Навстречу такому-то ветру несется теперь в глухой темной ночи Настя Чураева и в невинном своем неведении не знает, что ожидает ее завтра, неделю, месяц спустя. А дни и ночи стали такими длинными, так много в них может случиться и произойти. Не знает она, что уже произошло, и потому вспятим для нее время, только на один месяц попятимся назад. Не полетим на крыльях ветра-вымысла вперед, не дано ей предвидеть ее новых встреч, новых ступеней ее отважного бега вперед. Не до того ей. Отягчена душа ее тревогой: добежит ли, доскачет ли вовремя, успеет ли помочь тем, кто стали для нее роднее родных?..

* * *

Был конец апреля семнадцатого года, значит, революция была двухмесячным младенцем, и те, кто ее когда-то зачинал и вынашивали во чреве скрытых и открытых мечтаний, пеленали ее в нежные словесные пеленки и носились с нею как с воплощенным счастьем.
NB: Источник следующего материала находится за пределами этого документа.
lemma lin_map_mat_lincomb:
  assumes T: "lin_map d T" and "finite F" and "\<And>x. x \<in> F \<Longrightarrow> M x \<in> carrier_mat d d"
  shows "T (mat_lincomb d F c M) = mat_lincomb d F c (\<lambda>x. T (M x))"
  using assms(2,3)
proof (induction F rule: finite_induct)
  case empty
  have T0: "T (0\<^sub>m d d) \<in> carrier_mat d d"
    using T unfolding lin_map_def by simp
  have "T (0\<^sub>m d d) = T (0 \<cdot>\<^sub>m 0\<^sub>m d d)"
    by simp
  also have "\<dots> = 0 \<cdot>\<^sub>m T (0\<^sub>m d d)"
    using T zero_carrier_mat unfolding lin_map_def by blast
  also have "\<dots> = 0\<^sub>m d d"
    using T0 by (intro eq_matI) auto
  finally show ?case
    by (simp add: zero_mat_def mat_lincomb_def)
next
  case (insert x F)
  have carr: "M x \<in> carrier_mat d d" "T (M x) \<in> carrier_mat d d"
    using insert.prems T unfolding lin_map_def by auto
  have split: "mat_lincomb d (insert x F) c N = mat_lincomb d F c N + c x \<cdot>\<^sub>m N x"
    if "N x \<in> carrier_mat d d" for N
    using insert.hyps that by (intro eq_matI) (auto simp: add.commute)
  have "T (mat_lincomb d F c M + c x \<cdot>\<^sub>m M x) = T (mat_lincomb d F c M) + c x \<cdot>\<^sub>m T (M x)"
    using T carr unfolding lin_map_def by auto
  with insert show ?case
    by (simp add: split carr)
qed

lemma mat_eq_lincomb_munit:
  assumes "X \<in> carrier_mat d d"
  shows "X = mat_lincomb d ({..<d} \<times> {..<d}) (\<lambda>(i,j). X $$ (i,j)) (\<lambda>(i,j). munit d i j)"
proof (rule eq_matI)
  fix r s
  assume "r < dim_row (mat_lincomb d ({..<d} \<times> {..<d}) (\<lambda>(i,j). X $$ (i,j)) (\<lambda>(i,j). munit d i j))"
    and "s < dim_col (mat_lincomb d ({..<d} \<times> {..<d}) (\<lambda>(i,j). X $$ (i,j)) (\<lambda>(i,j). munit d i j))"
  then have rs: "r < d" "s < d"
    by simp_all
  have "mat_lincomb d ({..<d} \<times> {..<d}) (\<lambda>(i,j). X $$ (i,j)) (\<lambda>(i,j). munit d i j) $$ (r,s)
      = (\<Sum>x\<in>{..<d} \<times> {..<d}. if x = (r,s) then X $$ x else 0)"
    using rs unfolding index_mat_lincomb[OF rs] by (intro sum.cong) (auto simp: munit_def split: if_splits)
  with rs show "X $$ (r,s) = mat_lincomb d ({..<d} \<times> {..<d}) (\<lambda>(i,j). X $$ (i,j)) (\<lambda>(i,j). munit d i j) $$ (r,s)"
    by (simp add: sum.delta)
qed (use assms in simp_all)

lemma lin_map_index:
  assumes T: "lin_map d T" and X: "X \<in> carrier_mat d d" and "r < d" "s < d"
  shows "T X $$ (r,s) = (\<Sum>i<d. \<Sum>j<d. X $$ (i,j) * T (munit d i j) $$ (r,s))"
proof -
  have "T X = mat_lincomb d ({..<d} \<times> {..<d}) (\<lambda>(i,j). X $$ (i,j)) (\<lambda>(i,j). T (munit d i j))"
    by (subst mat_eq_lincomb_munit[OF X], subst lin_map_mat_lincomb[OF T])
       (auto simp: munit_def split_def)
  with assms show ?thesis by (simp add: sum.cartesian_product split_def)
qed

lemma mat_lincomb_cong:
  "(\<And>x. x \<in> F \<Longrightarrow> M x = N x) \<Longrightarrow> mat_lincomb d F c M = mat_lincomb d F c N"
  unfolding mat_lincomb_def by (intro eq_matI) auto

lemma lin_map_mult_mat:
  assumes A: "A \<in> carrier_mat d d" and B: "B \<in> carrier_mat d d"
  shows "lin_map d (\<lambda>X. A * X * B)"
  unfolding lin_map_def
proof (intro conjI ballI allI)
  fix X Y :: "complex mat" and c :: complex
  assume X: "X \<in> carrier_mat d d" and Y: "Y \<in> carrier_mat d d"
  show "A * X * B \<in> carrier_mat d d"
    using A X B by simp
  show "A * (X + Y) * B = A * X * B + A * Y * B"
    using A X Y B by (simp add: mult_add_distrib_mat[of A d d] add_mult_distrib_mat[of _ d d _ B d])
  show "A * (c \<cdot>\<^sub>m X) * B = c \<cdot>\<^sub>m (A * X * B)"
    using A X B by (simp add: mult_smult_distrib[of A d d] mult_smult_assoc_mat[of _ d d B d])
qed

lemma mult_mat_lincomb:
  assumes "finite F" "\<And>x. x \<in> F \<Longrightarrow> M x \<in> carrier_mat d d"
    and "A \<in> carrier_mat d d" "B \<in> carrier_mat d d"
  shows "A * mat_lincomb d F c M * B = mat_lincomb d F c (\<lambda>x. A * M x * B)"
  using lin_map_mat_lincomb[OF lin_map_mult_mat[OF assms(3,4)] assms(1,2)] .

lemma mat_lincomb_mat_lincomb:
  "mat_lincomb d J c (\<lambda>j. mat_lincomb d I (e j) (M j))
     = mat_lincomb d (J \<times> I) (\<lambda>(j,i). c j * e j i) (\<lambda>(j,i). M j i)"
  by (intro eq_matI) (simp_all add: sum.cartesian_product split_def sum_distrib_left mult.assoc)

definition mixed_conj :: "nat \<Rightarrow> 'i set \<Rightarrow> ('i \<Rightarrow> real) \<Rightarrow> ('i \<Rightarrow> complex mat) \<Rightarrow> complex mat \<Rightarrow> complex mat" where
  "mixed_conj d J w U Y = mat_lincomb d J (\<lambda>j. complex_of_real (w j)) (\<lambda>j. madj (U j) * Y * U j)"

lemma mixed_conj_carrier [simp]: "mixed_conj d J w U Y \<in> carrier_mat d d"
  unfolding mixed_conj_def by simp

lemma dim_mixed_conj [simp]: "dim_row (mixed_conj d J w U Y) = d" "dim_col (mixed_conj d J w U Y) = d"
  unfolding mixed_conj_def by simp_all

lemma index_mixed_conj:
  "r < d \<Longrightarrow> s < d \<Longrightarrow>
    mixed_conj d J w U Y $$ (r,s) = (\<Sum>j\<in>J. complex_of_real (w j) * (madj (U j) * Y * U j) $$ (r,s))"
  unfolding mixed_conj_def by simp

lemma conj_mixed_conj:
  assumes "finite I" "\<And>i. i \<in> I \<Longrightarrow> V i \<in> carrier_mat d d"
    and "u \<in> carrier_mat d d" "Y \<in> carrier_mat d d"
  shows "madj u * mixed_conj d I v V Y * u = mixed_conj d I v (\<lambda>i. V i * u) Y"
  using assms unfolding mixed_conj_def
  by (subst mult_mat_lincomb) (auto intro!: mat_lincomb_cong madj_conj_mult)

lemma mixed_conj_mixed_conj:
  assumes "finite I" "\<And>i. i \<in> I \<Longrightarrow> V i \<in> carrier_mat d d"
    and "\<And>j. j \<in> J \<Longrightarrow> U j \<in> carrier_mat d d" "Y \<in> carrier_mat d d"
  shows "mixed_conj d J w U (mixed_conj d I v V Y)
       = mixed_conj d (J \<times> I) (\<lambda>(j,i). w j * v i) (\<lambda>(j,i). V i * U j) Y"
proof -
  have "mixed_conj d J w U (mixed_conj d I v V Y)
      = mat_lincomb d J (\<lambda>j. complex_of_real (w j)) (\<lambda>j. mixed_conj d I v (\<lambda>i. V i * U j) Y)"
    unfolding mixed_conj_def[of d J] using assms
    by (intro mat_lincomb_cong conj_mixed_conj) auto
  then show ?thesis
    unfolding mixed_conj_def mat_lincomb_mat_lincomb by (simp add: split_def)
qed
Александр Федорович Керенский, главный ее восприемник, был кумиром отрекающихся от старого мира и празднующих толп и собраний и упивался своим красноречием до опьянения. Всюду его встречали как героя и вождя, который знал, куда и как вести счастливые народы, и каждое слово его звучало как закон.

Еще в Государственной Думе он проявил себя как выдающийся оратор и дерзновенный революционер, как образец борца за свободу, а теперь он представлял собою символ этой свободы и окрылял младенчество революции самыми возвышенными словами и многообещающими лозунгами, и шествие его с трибуны на трибуну было поистине триумфальным.

Ловкие коммерсанты использовали его популярность, отлили из дешевого металла значки с его портретиком, и миллионы его почитателей прицепили этот значок себе на грудь, особенно те, чья грудь была свободна от настоящих знаков отличия.

Голос у Керенского был звучен и отчетлив, а потому, что ему приходилось говорить иногда по двенадцать часов в сутки, он охрип и старался быть кратким, но чем короче были его фразы, тем ударнее призывы защищать великую революцию, тем торжественнее обещания ее благ. Это была короткая пора увлечения, восторга и надежд, когда слово действовало на людей магически, когда слову еще верили. Только некоторые чины командного состава армии пустили в обиход ехидное словечко: вместо “верховный главнокомандующий” произносили “верховный главноуговаривающий”. Словечко прилипло к языкам и пошло по всей России как робкий глас народа, как шепот контрреволюции.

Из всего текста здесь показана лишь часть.